His predecessor Sir Alexander Erskine of Cambo had been a Jacobite, and the Lyon's office was known to include other Jacobites, so the office was viewed with suspicion. The appointment of the staunchly Hanoverian Brodie was intended to remove those Jacobite connections, and to make the office less Scottish. Brodie was the first ever Lyon not be crowned, and the first since the early 16th century not be knighted when appointed.
Brodie fulfilled the office with diligence. He was reputed to have enforced the laws of arms without fear or favour, and removed bogus arms even from senior peers.
Brodie attached himself to Lord Ilay, Walpole's manager of elections in Scotland, and was accused of "airs of being my Lord Ilay’s minister in the north". In 1733 he fell out with Lord Lovat, and at the 1734 election this spread to a series of intrigues which escalated into a serious disturbance at a by-election in 1735 in Nairnshire, where he put up a candidate unsuccessfully at a by-election in which both sides used force.
After the 1745 Jacobite rising, Brodie became an informer. He told the Duke of Newcastle that the Earl of Sutherland had sheltered a rebel, and is reported to have helped gather evidence against Lord Lovat. In 1746, he supported the Highland Dress Bill, insisting that it should apply even to those clans who had taken the government's side during the rising.
However, he was magnanimous to staff in the Lyon office who had supported the Jacobites.
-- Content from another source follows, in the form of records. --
(* Let $\tau\in(0,1]$, $\mathbf{w},\mathbf{w}_\ast\in\mathbb{R}^d$, $r\ge\|\mathbf{w}-\mathbf{w}_\ast\|_2$, and $\mathbf{v}\in\mathbb{R}^d$ with $\|\mathbf{v}\|_2=1$. For $\mathbf{x}\in\mathbb{R}^d$ let $\sigma^\tau=\sigma(\tau\,\mathbf{x}^\top\mathbf{w})$ and $$s(\mathbf{x})=2\Big[(\sigma^\tau)^2+\tau\big(\rho_\tau(\mathbf{x}^\top\mathbf{w})-\rho_\tau(\mathbf{x}^\top\mathbf{w}_\ast)\big)\big(\sigma^\tau-(\sigma^\tau)^2\big)\Big].$$ Then (i) for any $\mathbf{x}_1,\dots,\mathbf{x}_n$ with noiseless labels $y_i=\rho(\mathbf{x}_i^\top\mathbf{w}_\ast)$, $\nabla^2\mathcal{L}_\tau(\mathbf{w})=\frac1n\sum_{i=1}^n s(\mathbf{x}_i)\mathbf{x}_i\mathbf{x}_i^\top$; and (ii) for $\mathbf{x}\sim\mathcal{N}(\mathbf{0},I_d)$, $$\mathbb{E}\big[s(\mathbf{x})\langle\mathbf{x},\mathbf{v}\rangle^2\big]\ \ge\ 2\left(\frac{e^{-4}}{\big(1+\exp(\tau^2\|\mathbf{w}\|_2^2/2)\big)^2}-\frac{\tau r}{\sqrt{2\pi}}\right).$$
   Context: $\sigma(v)=1/(1+e^{-v})$ is the sigmoid and $\rho(v)=\ln(1+e^{v})$ the softplus. The graduated softplus is $\rho_\tau(v)=\frac1\tau\ln(1+e^{\tau v})$. Given data $(\mathbf{x}_i,y_i)$, graduated labels are $y_i^\tau=\rho_\tau(\rho^{-1}(y_i))$ (equal to $\rho_\tau(\mathbf{x}_i^\top\mathbf{w}_\ast)$ for noiseless labels) and the graduated objective is $\mathcal{L}_\tau(\mathbf{w})=\frac1n\sum_{i=1}^n\big(y_i^\tau-\rho_\tau(\mathbf{x}_i^\top\mathbf{w})\big)^2$. *)

theory Defs
  imports "HOL-Analysis.Analysis" "HOL-Probability.Probability"
begin

definition sigmoid :: "real \<Rightarrow> real" where
  "sigmoid v = 1 / (1 + exp (- v))"

definition softplus :: "real \<Rightarrow> real" where
  "softplus v = ln (1 + exp v)"

definition softplus_inv :: "real \<Rightarrow> real" where
  "softplus_inv y = ln (exp y - 1)"

definition gsoftplus :: "real \<Rightarrow> real \<Rightarrow> real" where
  "gsoftplus \<tau> v = ln (1 + exp (\<tau> * v)) / \<tau>"

definition grad_label :: "real \<Rightarrow> real \<Rightarrow> real" where
  "grad_label \<tau> y = gsoftplus \<tau> (softplus_inv y)"
definition rabin_acc :: "('s set \<times> 's set) list \<Rightarrow> (nat \<Rightarrow> 's) \<Rightarrow> bool" where
  "rabin_acc \<Omega> r = (\<exists>(Fi, Ii) \<in> set \<Omega>. finite {k. r k \<in> Fi} \<and> infinite {k. r k \<in> Ii})"

definition dra_accepts ::
  "('s \<Rightarrow> 'p set \<Rightarrow> 's) \<Rightarrow> 's \<Rightarrow> ('s set \<times> 's set) list \<Rightarrow> (nat \<Rightarrow> 'p set) \<Rightarrow> bool" where
  "dra_accepts \<alpha> s0 \<Omega> w = rabin_acc \<Omega> (dra_run \<alpha> s0 w)"

definition obs :: "('p \<Rightarrow> 'x \<Rightarrow> bool) \<Rightarrow> 'x \<Rightarrow> 'p set" where
  "obs \<mu> x = {p. \<mu> p x}"

definition gamma :: "('x \<Rightarrow> 'u \<Rightarrow> 'th \<Rightarrow> 'd \<Rightarrow> 'x) \<Rightarrow> 'x \<Rightarrow> 'u \<Rightarrow> 'th \<Rightarrow> 'x set" where
  "gamma F x u \<theta> = {F x u \<theta> d | d. True}"

definition Gamma_rec ::
  "('x \<Rightarrow> 'u \<Rightarrow> 'th \<Rightarrow> 'd \<Rightarrow> 'x) \<Rightarrow> 'th set \<Rightarrow> 'x \<Rightarrow> 'u \<Rightarrow> 'x \<Rightarrow> 'th set" where
  "Gamma_rec F V x u x' = {\<theta> \<in> V. x' \<in> gamma F x u \<theta>}"

definition adp_trans ::
  "('x \<Rightarrow> 'u \<Rightarrow> 'th \<Rightarrow> 'd \<Rightarrow> 'x) \<Rightarrow> ('x \<times> 'th set) \<Rightarrow> 'u \<Rightarrow> ('x \<times> 'th set) set" where
  "adp_trans F y u =
     {(x', Gamma_rec F (snd y) (fst y) u x') | x'. \<exists>\<theta> \<in> snd y. x' \<in> gamma F (fst y) u \<theta>}"

inductive_set adp_states :: "('x \<Rightarrow> 'u \<Rightarrow> 'th \<Rightarrow> 'd \<Rightarrow> 'x) \<Rightarrow> ('x \<times> 'th set) set"
  for F :: "'x \<Rightarrow> 'u \<Rightarrow> 'th \<Rightarrow> 'd \<Rightarrow> 'x" where
  init: "(x, UNIV) \<in> adp_states F"
| step: "y \<in> adp_states F \<Longrightarrow> y' \<in> adp_trans F y u \<Longrightarrow> y' \<in> adp_states F"

definition prod_succ ::
  "('x \<Rightarrow> 'u \<Rightarrow> 'th \<Rightarrow> 'd \<Rightarrow> 'x) \<Rightarrow> ('p \<Rightarrow> 'x \<Rightarrow> bool) \<Rightarrow> ('s \<Rightarrow> 'p set \<Rightarrow> 's)
   \<Rightarrow> (('x \<times> 'th set) \<times> 's) \<Rightarrow> 'u \<Rightarrow> (('x \<times> 'th set) \<times> 's) set" where
  "prod_succ F \<mu> \<alpha> q u =
     {(y', \<alpha> (snd q) (obs \<mu> (fst (fst q)))) | y'. y' \<in> adp_trans F (fst q) u}"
He intervened to protect them from punishment, ensured that their salaries were reinstated, and won a pardon from a death sentence one of his clerks.
Death
Brodie died in London on 9 March 1754, of heart failure. His body was brought back to Moray and buried at Dyke, close to Brodie Castle.
Family
His daughter, Emilia Brodie, married Major General Norman MacLeod of MacLeod (1754-1801).